■ Exercise aim:
Go through the listing below and say how many lines contain "ereal"; write nothing but the number.

*** Opening Data excerpts ***

(* Let $n\ge1$, $0<T\le\infty$, $a\in\mathbb{R}$, and let $0\le u_0\in C(\mathbb{R}^n)$ with $u_0\not\equiv0$. If $0\le\mu\in\mathcal{Z}_{T,a}$ satisfies $$\mu(x,t)\ge u_0(x)+\int_0^t\mathcal{B}\mu(x,\tau)\,d\tau\qquad\text{on }Q_T,$$ then for every $\delta>1$ and $0<t_0<T$ there is a constant $C_0=C_0(\delta,t_0,u_0)>0$ such that $$\int_0^{t_0}\mathcal{B}\mu(x,\tau)\,d\tau\ge C_0e^{-\delta|x|}\qquad(x\in\mathbb{R}^n).$$ In particular, if $0<p<1$, $V\ge0$ is continuous, $u$ is an s-supersolution of $\partial_tu-\Delta\partial_tu=\Delta u+Vu^p$, $u(\cdot,0)=u_0$, on $Q_T$ and $\mu=e^tu$, then $$\mu(x,t_0)\ge u_0(x)+\int_0^{t_0}\mathcal{B}\mu\,d\tau+\int_0^{t_0}e^{(1-p)\tau}\mathcal{B}[V\mu^p]\,d\tau\ge C_0e^{-\delta|x|}\qquad(x\in\mathbb{R}^n).$$
   Context: $\mathcal{B}\varphi=B*\varphi$, $B=\mathcal{F}^{-1}((1+|\xi|^2)^{-1})$. $BC_a$: continuous functions with $|\varphi(x)|\le C|x|^a$ for large $|x|$; $\mathcal{Z}_{T,a}=C([0,T);BC_a)$, $Q_T=\mathbb{R}^n\times[0,T)$. $u$ is an s-supersolution on $Q_T$ if $\mu=e^tu\in\mathcal{Z}_{T,a}$ and $\mu(t)\ge u_0+\int_0^t\mathcal{B}\mu\,d\tau+\int_0^te^{(1-p)\tau}\mathcal{B}[V\mu^p]\,d\tau$ on $Q_T$. *)

theory Defs
  imports "HOL-Analysis.Analysis"
begin

text \<open>Bessel kernel B = inverse Fourier transform of (1+|xi|^2)^(-1) on R^n,
  written via the subordination formula (1+|xi|^2)^(-1) = int_0^oo e^(-s) e^(-s|xi|^2) ds,
  i.e. B(x) = int_0^oo e^(-s) (4 pi s)^(-n/2) e^(-|x|^2/(4s)) ds.\<close>
definition Bker :: "real^'n \<Rightarrow> real" where
  "Bker x = (LINT s:{0<..}|lborel.
      exp (- s) * (4 * pi * s) powr (- real CARD('n) / 2) * exp (- (norm x)\<^sup>2 / (4 * s)))"

definition Bop :: "(real^'n \<Rightarrow> real) \<Rightarrow> real^'n \<Rightarrow> real" where
  "Bop \<phi> x = (LINT y|lborel. Bker (x - y) * \<phi> y)"

definition BC :: "real \<Rightarrow> (real^'n \<Rightarrow> real) set" where
  "BC a = {\<phi>. continuous_on UNIV \<phi> \<and>
     (\<exists>C R. \<forall>x. R \<le> norm x \<longrightarrow> \<bar>\<phi> x\<bar> \<le> C * norm x powr a)}"

definition Tset :: "ereal \<Rightarrow> real set" where
  "Tset T = {t. 0 \<le> t \<and> ereal t < T}"
(* Fix $\varepsilon>0$ and a dataset $D=\{(x_i,y_i)\}_{i=1}^n$ with $x_i,y_i\in[0,1]$. With the noisy statistics and $\tilde n_x$ defined in the context, define $\hat S_{xy}:=\frac56\tilde S_{xy}+\frac16\bigl[\tilde n_x-(\tilde S_{(1-x)y}+\tilde S_{1-y})\bigr]$. Then $\hat S_{xy}$ is an unbiased estimator of $S_{xy}=\sum_i x_iy_i$ with variance $\mathrm{Var}(\hat S_{xy})=\frac{20}{3\varepsilon^2}$.
   Context: Let $\varepsilon_1=\varepsilon_2=\varepsilon/2$. Define the statistics $S_{x^2}=\sum_i x_i^2$, $S_{x-x^2}=\sum_i (x_i-x_i^2)$, $S_{1-x}=\sum_i(1-x_i)$, $S_{xy}=\sum_i x_iy_i$, $S_{(1-x)y}=\sum_i (1-x_i)y_i$, $S_{1-y}=\sum_i(1-y_i)$. Let $Z_{11},Z_{12},Z_{13}\stackrel{iid}{\sim}\mathrm{Lap}(1/\varepsilon_1)$ and $Z_{21},Z_{22},Z_{23}\stackrel{iid}{\sim}\mathrm{Lap}(1/\varepsilon_2)$, all six mutually independent, where $\mathrm{Lap}(b)$ is the zero-mean Laplace distribution with density $\frac{1}{2b}e^{-|z|/b}$. Set $\tilde S_{x^2}=S_{x^2}+Z_{11}$, $\tilde S_{x-x^2}=S_{x-x^2}+Z_{12}$, $\tilde S_{1-x}=S_{1-x}+Z_{13}$, $\tilde S_{xy}=S_{xy}+Z_{21}$, $\tilde S_{(1-x)y}=S_{(1-x)y}+Z_{22}$, $\tilde S_{1-y}=S_{1-y}+Z_{23}$, and $\tilde n_x=\tilde S_{x^2}+\tilde S_{x-x^2}+\tilde S_{1-x}$, $\tilde n_y=\tilde S_{xy}+\tilde S_{(1-x)y}+\tilde S_{1-y}$. The dataset is fixed; expectations and variances are over the noise. *)

theory Defs
  imports "HOL-Probability.Probability"
begin

definition laplace_density :: "real \<Rightarrow> real \<Rightarrow> real" where
  "laplace_density b z = exp (- \<bar>z\<bar> / b) / (2 * b)"

end

theory Submission
  imports Defs
begin

text \<open>Both \<open>n\<^sub>x\<close> and \<open>S_xy + S_(1-x)y + S_(1-y)\<close> equal \<open>n\<close>, so the noise-free part of the
  estimator is exactly \<open>S_xy\<close>: the estimator is \<open>S_xy\<close> plus the fixed combination
  \<open>5/6 Z\<^sub>2\<^sub>1 + 1/6 (Z\<^sub>1\<^sub>1 + Z\<^sub>1\<^sub>2 + Z\<^sub>1\<^sub>3 - Z\<^sub>2\<^sub>2 - Z\<^sub>2\<^sub>3)\<close> of the noise.
  Laplace noise \<open>Lap(b)\<close> is centred with variance \<open>2b\<^sup>2\<close> (its moments follow by writing the density as
  the average of an exponential density and its reflection), so the estimator is unbiased and, by
  independence, its variance is \<open>(25/36 + 5/36) \<cdot> 2 (2/\<epsilon>)\<^sup>2 = 20/(3\<epsilon>\<^sup>2)\<close>.\<close>

lemma has_bochner_integral_exponential_moment:
  assumes "0 < (l::real)"
  shows "has_bochner_integral lborel (\<lambda>z. exponential_density l z * z ^ k) (fact k / l ^ k)"
proof (rule has_bochner_integral_nn_integral)
  show "(\<integral>\<^sup>+ z. ennreal (exponential_density l z * z ^ k) \<partial>lborel) = ennreal (fact k / l ^ k)"
    using nn_integral_erlang_ith_moment[OF assms, of 0 k] by simp
qed (use assms in \<open>auto simp: erlang_density_def\<close>)

lemma laplace_density_split:
  assumes "0 < b" "z \<noteq> 0"
  shows "laplace_density b z = (exponential_density (1 / b) z + exponential_density (1 / b) (- z)) / 2"
  using assms by (cases "z < 0") (auto simp: laplace_density_def erlang_density_def)

lemma has_bochner_integral_laplace_moment:
  assumes "0 < b"
  shows "has_bochner_integral lborel (\<lambda>z. laplace_density b z * z ^ k) ((1 + (-1) ^ k) * fact k * b ^ k / 2)"
proof -
  define l where "l = 1 / b"
  have "0 < l" using assms by (simp add: l_def)
  note right = has_bochner_integral_exponential_moment[OF this, of k]
  have left: "has_bochner_integral lborel (\<lambda>z. exponential_density l (- z) * (- z) ^ k) (fact k / l ^ k)"
    using lborel_has_bochner_integral_real_affine_iff[where c="-1" and t=0, THEN iffD1, OF _ right]
    by simp
  have integral: "has_bochner_integral lborel
      (\<lambda>z. (exponential_density l z * z ^ k + (-1) ^ k * (exponential_density l (- z) * (- z) ^ k)) / 2)
      ((1 + (-1) ^ k) * fact k * b ^ k / 2)"
  proof -
    have "(fact k / l ^ k + (-1) ^ k * (fact k / l ^ k)) / 2 = (1 + (-1) ^ k) * fact k * b ^ k / (2::real)"
      by (simp add: l_def power_one_over algebra_simps)
    moreover have "has_bochner_integral lborel
      (\<lambda>z. (exponential_density l z * z ^ k + (-1) ^ k * (exponential_density l (- z) * (- z) ^ k)) / 2)
      ((fact k / l ^ k + (-1) ^ k * (fact k / l ^ k)) / 2)"
      by (intro has_bochner_integral_divide_zero has_bochner_integral_add has_bochner_integral_mult_right left right)
    ultimately show ?thesis by (simp only:)
  qed
  \<comment> \<open>the two halves disagree with the Laplace density only at \<open>z = 0\<close>\<close>
  have "AE z in lborel.
      (exponential_density l z * z ^ k + (-1) ^ k * (exponential_density l (- z) * (- z) ^ k)) / 2
      = laplace_density b z * z ^ k"
  proof (rule eventually_mono[OF AE_lborel_singleton[of 0]])
    fix z :: real
    assume "z \<noteq> 0"
    have "(-1) ^ k * (- z) ^ k = z ^ k" by (simp flip: power_mult_distrib)
    then have "(-1) ^ k * (exponential_density l (- z) * (- z) ^ k) = exponential_density l (- z) * z ^ k"
      by (metis mult.left_commute)
    then show "(exponential_density l z * z ^ k + (-1) ^ k * (exponential_density l (- z) * (- z) ^ k)) / 2
      = laplace_density b z * z ^ k"
      using laplace_density_split[OF assms \<open>z \<noteq> 0\<close>] by (simp add: l_def distrib_right add_divide_distrib)
  qed
  moreover have "(\<lambda>z. laplace_density b z * z ^ k) \<in> borel_measurable lborel"
    unfolding laplace_density_def by measurable
  ultimately show ?thesis
    using has_bochner_integral_cong_AE[THEN iffD1, OF borel_measurable_has_bochner_integral[OF integral]]
      integral by blast
qed

lemma (in prob_space)
  assumes b: "0 < b" and X: "distributed M lborel X (\<lambda>z. ennreal (laplace_density b z))"
  shows laplace_distributed_integrable_power: "integrable M (\<lambda>\<omega>. X \<omega> ^ k)"
    and laplace_distributed_moment: "expectation (\<lambda>\<omega>. X \<omega> ^ k) = (1 + (-1) ^ k) * fact k * b ^ k / 2"
proof -
  have nonneg: "0 \<le> laplace_density b z" for z
    using b by (simp add: laplace_density_def)
  note moment = has_bochner_integral_laplace_moment[OF b, of k]
  show "integrable M (\<lambda>\<omega>. X \<omega> ^ k)"
    using distributed_integrable[OF X, of "\<lambda>z. z ^ k"] nonneg moment
    by (simp add: has_bochner_integral_iff)
  show "expectation (\<lambda>\<omega>. X \<omega> ^ k) = (1 + (-1) ^ k) * fact k * b ^ k / 2"
    using distributed_integral[OF X, of "\<lambda>z. z ^ k"] nonneg moment
    by (simp add: has_bochner_integral_iff)
qed

lemma (in prob_space) laplace_distributed_expectation:
  assumes "0 < b" "distributed M lborel X (\<lambda>z. ennreal (laplace_density b z))"
  shows "expectation X = 0"
  using laplace_distributed_moment[OF assms, of 1] by simp

lemma (in prob_space) laplace_distributed_variance:
  assumes "0 < b" "distributed M lborel X (\<lambda>z. ennreal (laplace_density b z))"
  shows "variance X = 2 * b ^ 2"
  using laplace_distributed_moment[OF assms, of 2] laplace_distributed_expectation[OF assms]
  by (simp add: variance_mean_zero)

lemma (in prob_space) indep_vars_expectation_mult:
  fixes X :: "'i \<Rightarrow> 'a \<Rightarrow> real"
  assumes indep: "indep_vars (\<lambda>_. borel) X I" and "i \<in> I" "j \<in> I" "i \<noteq> j"
    and "integrable M (X i)" "integrable M (X j)"
  shows "integrable M (\<lambda>\<omega>. X i \<omega> * X j \<omega>)"
    and "expectation (\<lambda>\<omega>. X i \<omega> * X j \<omega>) = expectation (X i) * expectation (X j)"
proof -
  have indep_ij: "indep_vars (\<lambda>_. borel) X {i, j}"
    using indep_vars_subset[OF indep] assms by auto
  have integrable: "\<And>k. k \<in> {i, j} \<Longrightarrow> integrable M (X k)"
    using assms by auto
  have prod: "(\<Prod>k\<in>{i, j}. f k) = f i * f j" for f :: "'i \<Rightarrow> real"
    using \<open>i \<noteq> j\<close> by simp
  show "integrable M (\<lambda>\<omega>. X i \<omega> * X j \<omega>)"
    using indep_vars_integrable[OF _ indep_ij integrable] by (simp add: prod)
  show "expectation (\<lambda>\<omega>. X i \<omega> * X j \<omega>) = expectation (X i) * expectation (X j)"
    using indep_vars_lebesgue_integral[OF _ indep_ij integrable] by (simp add: prod)
qed

lemma (in prob_space)
  fixes X :: "'i \<Rightarrow> 'a \<Rightarrow> real"
  assumes "\<And>i. i \<in> I \<Longrightarrow> integrable M (X i)" and "\<And>i. i \<in> I \<Longrightarrow> expectation (X i) = 0"
  shows integrable_weighted_sum: "integrable M (\<lambda>\<omega>. \<Sum>i\<in>I. c i * X i \<omega>)"
    and expectation_weighted_sum_centered: "expectation (\<lambda>\<omega>. \<Sum>i\<in>I. c i * X i \<omega>) = 0"
  using assms by (auto simp: Bochner_Integration.integral_sum)

lemma (in prob_space) indep_vars_variance_weighted_sum:
  fixes X :: "'i \<Rightarrow> 'a \<Rightarrow> real"
  assumes "finite I" and indep: "indep_vars (\<lambda>_. borel) X I"
    and square_integrable: "\<And>i. i \<in> I \<Longrightarrow> integrable M (\<lambda>\<omega>. X i \<omega> ^ 2)"
    and centered: "\<And>i. i \<in> I \<Longrightarrow> expectation (X i) = 0"
  shows "variance (\<lambda>\<omega>. \<Sum>i\<in>I. c i * X i \<omega>) = (\<Sum>i\<in>I. c i ^ 2 * variance (X i))"
proof -
  have integrable: "integrable M (X i)" if "i \<in> I" for i
    using square_integrable_imp_integrable[OF _ square_integrable[OF that]] indep that
    by (simp add: indep_vars_def)
  have products: "integrable M (\<lambda>\<omega>. X i \<omega> * X j \<omega>)
      \<and> expectation (\<lambda>\<omega>. X i \<omega> * X j \<omega>) = (if i = j then variance (X i) else 0)"
    if "i \<in> I" "j \<in> I" for i j
  proof (cases "i = j")
    case True
    then show ?thesis
      using square_integrable[OF that(1)] centered[OF that(1)] by (simp add: variance_mean_zero power2_eq_square)
  next
    case False
    then show ?thesis
      using indep_vars_expectation_mult[OF indep that False integrable integrable] that centered by simp
  qed
  have "variance (\<lambda>\<omega>. \<Sum>i\<in>I. c i * X i \<omega>)
      = expectation (\<lambda>\<omega>. \<Sum>i\<in>I. \<Sum>j\<in>I. c i * c j * (X i \<omega> * X j \<omega>))"
    using expectation_weighted_sum_centered[where I=I and X=X and c=c, OF integrable centered]
    by (simp add: variance_mean_zero power2_eq_square sum_product algebra_simps)
  also have "\<dots> = (\<Sum>i\<in>I. \<Sum>j\<in>I. c i * c j * (if i = j then variance (X i) else 0))"
    using products by (simp add: Bochner_Integration.integral_sum)
  also have "\<dots> = (\<Sum>i\<in>I. c i ^ 2 * variance (X i))"
    using \<open>finite I\<close> by (simp add: if_distrib power2_eq_square cong: if_cong)
  finally show ?thesis .
qed

lemma sum_xy_eq_count_difference:
  fixes x y :: "'i \<Rightarrow> real"
  shows "(\<Sum>i\<in>A. x i ^ 2) + (\<Sum>i\<in>A. x i - x i ^ 2) + (\<Sum>i\<in>A. 1 - x i)
      - ((\<Sum>i\<in>A. (1 - x i) * y i) + (\<Sum>i\<in>A. 1 - y i)) = (\<Sum>i\<in>A. x i * y i)"
  by (simp add: sum.distrib[symmetric] sum_subtractf[symmetric] algebra_simps)

lemma estimator_eq_signal_plus_noise:
  fixes a b c d e s :: real
  assumes "a + b + c - (d + e) = s"
  shows "5 / 6 * (s + z\<^sub>2\<^sub>1) + 1 / 6 * (a + z\<^sub>1\<^sub>1 + (b + z\<^sub>1\<^sub>2) + (c + z\<^sub>1\<^sub>3) - (d + z\<^sub>2\<^sub>2 + (e + z\<^sub>2\<^sub>3)))
    = s + (5 / 6 * z\<^sub>2\<^sub>1 + 1 / 6 * (z\<^sub>1\<^sub>1 + z\<^sub>1\<^sub>2 + z\<^sub>1\<^sub>3 - z\<^sub>2\<^sub>2 - z\<^sub>2\<^sub>3))"
proof -
  have "d = a + b + c - e - s" using assms by simp
  then show ?thesis by (simp add: field_simps)
qed

theorem mainTheorem9:
  fixes M :: "'a measure"
    and \<epsilon> :: real
    and n :: nat
    and x y :: "nat \<Rightarrow> real"
    and Z :: "nat \<Rightarrow> nat \<Rightarrow> 'a \<Rightarrow> real"
  assumes "prob_space M"
    and eps_pos: "\<epsilon> > 0"
    and x_range: "\<And>i. i < n \<Longrightarrow> x i \<in> {0..1}"
    and y_range: "\<And>i. i < n \<Longrightarrow> y i \<in> {0..1}"
    and Z_indep: "prob_space.indep_vars M (\<lambda>_. borel) (\<lambda>(k, j). Z k j) ({1, 2} \<times> {1, 2, 3})"
    and Z1_dist: "\<And>j. j \<in> {1, 2, 3} \<Longrightarrow>
        distributed M lborel (Z 1 j) (\<lambda>z. ennreal (laplace_density (1 / (\<epsilon> / 2)) z))"
    and Z2_dist: "\<And>j. j \<in> {1, 2, 3} \<Longrightarrow>
        distributed M lborel (Z 2 j) (\<lambda>z. ennreal (laplace_density (1 / (\<epsilon> / 2)) z))"
  shows
    "let S_x2 = (\<Sum>i<n. x i ^ 2);
         S_x_x2 = (\<Sum>i<n. x i - x i ^ 2);
         S_1_x = (\<Sum>i<n. 1 - x i);
         S_xy = (\<Sum>i<n. x i * y i);
         S_1_x_y = (\<Sum>i<n. (1 - x i) * y i);
         S_1_y = (\<Sum>i<n. 1 - y i);
         tS_x2 = (\<lambda>\<omega>. S_x2 + Z 1 1 \<omega>);
         tS_x_x2 = (\<lambda>\<omega>. S_x_x2 + Z 1 2 \<omega>);
         tS_1_x = (\<lambda>\<omega>. S_1_x + Z 1 3 \<omega>);
         tS_xy = (\<lambda>\<omega>. S_xy + Z 2 1 \<omega>);
         tS_1_x_y = (\<lambda>\<omega>. S_1_x_y + Z 2 2 \<omega>);
         tS_1_y = (\<lambda>\<omega>. S_1_y + Z 2 3 \<omega>);
         tn_x = (\<lambda>\<omega>. tS_x2 \<omega> + tS_x_x2 \<omega> + tS_1_x \<omega>);
         hS_xy = (\<lambda>\<omega>. 5 / 6 * tS_xy \<omega> + 1 / 6 * (tn_x \<omega> - (tS_1_x_y \<omega> + tS_1_y \<omega>)))
     in prob_space.expectation M hS_xy = S_xy
        \<and> prob_space.variance M hS_xy = 20 / (3 * \<epsilon> ^ 2)"
proof -
  \<comment> \<open>The ranges of \<open>x\<close> and \<open>y\<close> are irrelevant: the identity behind the estimator is algebraic.\<close>
  interpret prob_space M by fact
  define b where "b = 1 / (\<epsilon> / 2)"
  define I :: "(nat \<times> nat) set" where "I = {1, 2} \<times> {1, 2, 3}"
  define X where "X = (\<lambda>(k, j). Z k j)"
  define c :: "nat \<times> nat \<Rightarrow> real" where
    "c p = (if p = (2, 1) then 5 / 6 else if fst p = 1 then 1 / 6 else - 1 / 6)" for p
  define W where "W = (\<lambda>\<omega>. \<Sum>p\<in>I. c p * X p \<omega>)"
  have "0 < b" using eps_pos by (simp add: b_def)
  have laplace: "distributed M lborel (X p) (\<lambda>z. ennreal (laplace_density b z))" if "p \<in> I" for p
    using that Z1_dist Z2_dist by (auto simp: I_def X_def b_def)
  have integrable: "integrable M (X p)" if "p \<in> I" for p
    using laplace_distributed_integrable_power[OF \<open>0 < b\<close> laplace[OF that], of 1] by simp
  note centered = laplace_distributed_expectation[OF \<open>0 < b\<close> laplace]
  have noise: "5 / 6 * Z 2 1 \<omega> + 1 / 6 * (Z 1 1 \<omega> + Z 1 2 \<omega> + Z 1 3 \<omega> - Z 2 2 \<omega> - Z 2 3 \<omega>) = W \<omega>"
    for \<omega>
    by (simp add: W_def I_def c_def X_def)
  have "variance W = (\<Sum>p\<in>I. c p ^ 2 * variance (X p))"
    unfolding W_def using Z_indep laplace_distributed_integrable_power[OF \<open>0 < b\<close> laplace] centered
    by (intro indep_vars_variance_weighted_sum) (auto simp: I_def X_def)
  also have "\<dots> = 20 / (3 * \<epsilon> ^ 2)"
    using eps_pos laplace_distributed_variance[OF \<open>0 < b\<close> laplace]
    by (simp add: I_def c_def b_def field_simps power2_eq_square)
  finally show ?thesis
    unfolding Let_def estimator_eq_signal_plus_noise[OF sum_xy_eq_count_difference] noise
    using integrable_weighted_sum[where I=I and X=X and c=c, OF integrable centered, folded W_def]
      expectation_weighted_sum_centered[where I=I and X=X and c=c, OF integrable centered, folded W_def] prob_space
    by simp
qed

end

*** Closing Data excerpts ***

■ Task solution:
2